→ **Problem details**
Here are some records; copy every line that holds the word "definition".
+++ Data listing +++
(* Let $\varepsilon>0$ and $\vec{\delta}\in\mathbb{R}^d$ with $\|\vec{\delta}\|\le\varepsilon$. There is $n=\tilde{O}(d/\varepsilon^2)$ such that, if $\vec{y}_1,\dots,\vec{y}_n$ are i.i.d. $\mathcal{N}(0,I)$ in $\mathbb{R}^d$, $z_1,\dots,z_n$ are i.i.d. uniform Rademacher random variables independent of the $\vec{y}_i$, and $\hat{\Sigma}_2=\frac1n\sum_{i=1}^n z_i(\vec{y}_i\vec{\delta}^T+\vec{\delta}\vec{y}_i^T)$, then for any unit vector $\hat{\vec{v}}\in\mathbb{R}^d$, $$\mathbb{P}\left(|\hat{\vec{v}}^T\hat{\Sigma}_2\hat{\vec{v}}|>2\varepsilon^2\right)\le\mathrm{poly}\left(\frac{\varepsilon^2}{d}\right).$$
   Context: $\tilde{O}$ hides polylogarithmic factors; $\mathrm{poly}(\varepsilon^2/d)$ denotes a quantity bounded by a polynomial in $\varepsilon^2/d$. *)

theory Defs
  imports "HOL-Probability.Probability"
begin

text \<open>Vectors in R^d are represented as functions nat => real, only indices j < d matter.
  A sample is a pair (Y, Z): Y i j is the j-th coordinate of the Gaussian vector y_i,
  Z i is the Rademacher sign z_i (i < n).\<close>

definition std_gaussian :: "real measure" where
  "std_gaussian = density lborel std_normal_density"

definition rademacher :: "real measure" where
  "rademacher = measure_pmf (pmf_of_set {-1, 1})"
+++
→ **Response area**
definition std_gaussian :: "real measure" where
definition rademacher :: "real measure" where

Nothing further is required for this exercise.